(Task directions):
Which lines in the data below contain the string "intro"? Show each one.

[Items from a data source]
####################

lemma kron_one_mult_entry:
  assumes W: "W \<in> carrier_mat n m" and Z: "Z \<in> carrier_mat (m*d) k" and P: "P < n*d" and x: "x < k"
  shows "(kron W (1\<^sub>m d) * Z) $$ (P,x) = (\<Sum>s<m. W $$ (P div d, s) * Z $$ (s*d + P mod d, x))"
proof -
  have K: "kron W (1\<^sub>m d) \<in> carrier_mat (n*d) (m*d)" using kron_carrier[OF W one_carrier_mat] .
  have Pd: "P mod d < d" "P div d < n" using P mod_less_of_less_mult less_mult_imp_div_less by auto
  have "(kron W (1\<^sub>m d) * Z) $$ (P,x) = (\<Sum>s<m. \<Sum>j<d. kron W (1\<^sub>m d) $$ (P, s*d+j) * Z $$ (s*d+j,x))"
    by (simp add: mult_entry[OF K Z P x] sum_lessThan_mult)
  also have "\<dots> = (\<Sum>s<m. \<Sum>j<d. if j = P mod d then W $$ (P div d, s) * Z $$ (s*d+j,x) else 0)"
  proof (intro sum.cong refl)
    fix s j assume "s \<in> {..<m}" "j \<in> {..<d}"
    hence t: "s*d + j < m*d" "j < d" using block_index_less by auto
    show "kron W (1\<^sub>m d) $$ (P, s*d+j) * Z $$ (s*d+j,x) = (if j = P mod d then W $$ (P div d, s) * Z $$ (s*d+j,x) else 0)"
      using kron_index[OF W one_carrier_mat P t(1)] t(2) Pd by auto
  qed
  also have "\<dots> = (\<Sum>s<m. W $$ (P div d, s) * Z $$ (s*d + P mod d, x))" using Pd by simp
  finally show ?thesis .
qed

lemma adj_kron_one: "adj (kron W (1\<^sub>m d)) = kron (adj W) (1\<^sub>m d)"
  by (intro eq_matI) (auto simp: adj_def kron_def less_mult_imp_div_less mod_less_of_less_mult)

lemma mult_adj_kron_one_entry:
  assumes W: "W \<in> carrier_mat n m" and Y: "Y \<in> carrier_mat k (m*d)" and r: "r < k" and q: "q < n*d"
  shows "(Y * adj (kron W (1\<^sub>m d))) $$ (r,q) = (\<Sum>s<m. Y $$ (r, s*d + q mod d) * cnj (W $$ (q div d, s)))"
proof -
  have K: "kron W (1\<^sub>m d) \<in> carrier_mat (n*d) (m*d)" using kron_carrier[OF W one_carrier_mat] .
  have qd: "q mod d < d" using q mod_less_of_less_mult by auto
  have "Y * adj (kron W (1\<^sub>m d)) = adj (kron W (1\<^sub>m d) * adj Y)"
    using adj_mult[OF K adj_carrier[OF Y]] by (simp add: adj_adj)
  hence "(Y * adj (kron W (1\<^sub>m d))) $$ (r,q) = cnj ((kron W (1\<^sub>m d) * adj Y) $$ (q,r))"
    using adj_entry[OF mult_carrier_mat[OF K adj_carrier[OF Y]] r q] by simp
  also have "\<dots> = cnj (\<Sum>s<m. W $$ (q div d, s) * adj Y $$ (s*d + q mod d, r))"
    by (simp add: kron_one_mult_entry[OF W adj_carrier[OF Y] q r])
  also have "\<dots> = (\<Sum>s<m. Y $$ (r, s*d + q mod d) * cnj (W $$ (q div d, s)))"
  proof -
    have "\<And>s. s < m \<Longrightarrow> adj Y $$ (s*d + q mod d, r) = cnj (Y $$ (r, s*d + q mod d))"
      using Y r qd block_index_less by (simp add: adj_entry)
    thus ?thesis by (simp add: cnj_sum mult.commute)
  qed
  finally show ?thesis .
qed

lemma kron_one_congruence_entry:
  assumes W: "W \<in> carrier_mat n m" and Y: "Y \<in> carrier_mat (m*d) (m*d)" and p: "p < n*d" and q: "q < n*d"
  shows "(kron W (1\<^sub>m d) * Y * adj (kron W (1\<^sub>m d))) $$ (p,q) =
    (\<Sum>s<m. \<Sum>s'<m. W $$ (p div d, s) * Y $$ (s*d + p mod d, s'*d + q mod d) * cnj (W $$ (q div d, s')))"
proof -
  have K: "kron W (1\<^sub>m d) \<in> carrier_mat (n*d) (m*d)" using kron_carrier[OF W one_carrier_mat] .
  have YJ: "Y * adj (kron W (1\<^sub>m d)) \<in> carrier_mat (m*d) (n*d)" using Y adj_carrier[OF K] by simp
  have pd: "p mod d < d" using p mod_less_of_less_mult by auto
  have "kron W (1\<^sub>m d) * Y * adj (kron W (1\<^sub>m d)) = kron W (1\<^sub>m d) * (Y * adj (kron W (1\<^sub>m d)))"
    using K Y adj_carrier[OF K] by (simp add: assoc_mult_mat)
  hence "(kron W (1\<^sub>m d) * Y * adj (kron W (1\<^sub>m d))) $$ (p,q)
      = (\<Sum>s<m. W $$ (p div d, s) * (Y * adj (kron W (1\<^sub>m d))) $$ (s*d + p mod d, q))"
    using kron_one_mult_entry[OF W YJ p q] by simp
  also have "\<dots> = (\<Sum>s<m. W $$ (p div d, s) * (\<Sum>s'<m. Y $$ (s*d + p mod d, s'*d + q mod d) * cnj (W $$ (q div d, s'))))"
    using pd block_index_less by (intro sum.cong refl) (simp add: mult_adj_kron_one_entry[OF W Y _ q])
  finally show ?thesis by (simp add: sum_distrib_left mult.assoc)
qed

lemma isometry_kron_one:
  assumes W: "W \<in> carrier_mat n m" and iso: "adj W * W = 1\<^sub>m m"
  shows "adj (kron W (1\<^sub>m d)) * kron W (1\<^sub>m d) = 1\<^sub>m (m*d)"
proof (rule eq_matI)
  fix p q assume "p < dim_row (1\<^sub>m (m*d) :: complex mat)" "q < dim_col (1\<^sub>m (m*d) :: complex mat)"
  hence p: "p < m*d" and q: "q < m*d" by auto
  have K: "kron W (1\<^sub>m d) \<in> carrier_mat (n*d) (m*d)" using kron_carrier[OF W one_carrier_mat] .
  have pd: "p mod d < d" "q mod d < d" "p div d < m" "q div d < m"
    using p q mod_less_of_less_mult less_mult_imp_div_less by auto
  have "(adj (kron W (1\<^sub>m d)) * kron W (1\<^sub>m d)) $$ (p,q)
      = (\<Sum>s<n. adj W $$ (p div d, s) * kron W (1\<^sub>m d) $$ (s*d + p mod d, q))"
    unfolding adj_kron_one by (rule kron_one_mult_entry[OF adj_carrier[OF W] K p q])
  also have "\<dots> = (\<Sum>s<n. adj W $$ (p div d, s) * W $$ (s, q div d)) * (if p mod d = q mod d then 1 else 0)"
    unfolding sum_distrib_right
  proof (intro sum.cong refl)
    fix s assume "s \<in> {..<n}"
    hence r: "s*d + p mod d < n*d" using pd block_index_less by auto
    show "adj W $$ (p div d, s) * kron W (1\<^sub>m d) $$ (s*d + p mod d, q) = adj W $$ (p div d, s) * W $$ (s, q div d) * (if p mod d = q mod d then 1 else 0)"
      using kron_index[OF W one_carrier_mat r q] pd by simp
  qed
  also have "\<dots> = (adj W * W) $$ (p div d, q div d) * (if p mod d = q mod d then 1 else 0)"
    using mult_entry[OF adj_carrier[OF W] W pd(3) pd(4)] by simp
  also have "\<dots> = 1\<^sub>m (m*d) $$ (p,q)"
  proof -
    have "(p div d = q div d \<and> p mod d = q mod d) = (p = q)" by (metis div_mult_mod_eq)
    thus ?thesis unfolding iso using pd p q by auto
  qed
  finally show "(adj (kron W (1\<^sub>m d)) * kron W (1\<^sub>m d)) $$ (p,q) = 1\<^sub>m (m*d) $$ (p,q)" .
qed (use W in \<open>auto simp: adj_kron_one\<close>)

definition matrix_unit :: "nat \<Rightarrow> nat \<Rightarrow> nat \<Rightarrow> complex mat" where
  "matrix_unit n x y = mat n n (\<lambda>(i,j). if i = x \<and> j = y then 1 else 0)"

lemma matrix_unit_congruence_entry:
  assumes V: "V \<in> carrier_mat m n" and x: "x < n" and y: "y < n" and P: "P < m" and Q: "Q < m"
  shows "(V * matrix_unit n x y * adj V) $$ (P,Q) = V $$ (P,x) * cnj (V $$ (Q,y))"
proof -
  have "(V * matrix_unit n x y * adj V) $$ (P,Q)
      = (\<Sum>k<n. \<Sum>l<n. (V $$ (P,k) * cnj (V $$ (Q,l))) * (if x = k \<and> y = l then 1 else 0))"
    by (simp add: congruence_entry[OF V _ P Q] matrix_unit_def) (intro sum.cong refl, auto)
  also have "\<dots> = V $$ (P,x) * cnj (V $$ (Q,y))" by (rule sum_sum_delta[OF x y])
  finally show ?thesis .
qed

section \<open>Positivity and linearity\<close>

lemma psdI:
  "X \<in> carrier_mat d d \<Longrightarrow> (\<And>v. v \<in> carrier_vec d \<Longrightarrow> \<exists>r::real. r \<ge> 0 \<and>
     (\<Sum>i<d. \<Sum>j<d. cnj (v $ i) * X $$ (i,j) * v $ j) = of_real r) \<Longrightarrow> psd d X"
  unfolding psd_def Let_def by fastforce

lemma psdD:
  assumes "psd d X" "v \<in> carrier_vec d"
  shows "\<exists>r::real. r \<ge> 0 \<and> (\<Sum>i<d. \<Sum>j<d. cnj (v $ i) * X $$ (i,j) * v $ j) = of_real r"
  using assms unfolding psd_def Let_def
  by (intro exI[of _ "Re (\<Sum>i<d. \<Sum>j<d. cnj (v $ i) * X $$ (i,j) * v $ j)"]) (simp add: complex_eq_iff)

####################

(The answer):
  proof (intro sum.cong refl)
  by (intro eq_matI) (auto simp: adj_def kron_def less_mult_imp_div_less mod_less_of_less_mult)
    using pd block_index_less by (intro sum.cong refl) (simp add: mult_adj_kron_one_entry[OF W Y _ q])
  proof (intro sum.cong refl)
    by (simp add: congruence_entry[OF V _ P Q] matrix_unit_def) (intro sum.cong refl, auto)
  by (intro exI[of _ "Re (\<Sum>i<d. \<Sum>j<d. cnj (v $ i) * X $$ (i,j) * v $ j)"]) (simp add: complex_eq_iff)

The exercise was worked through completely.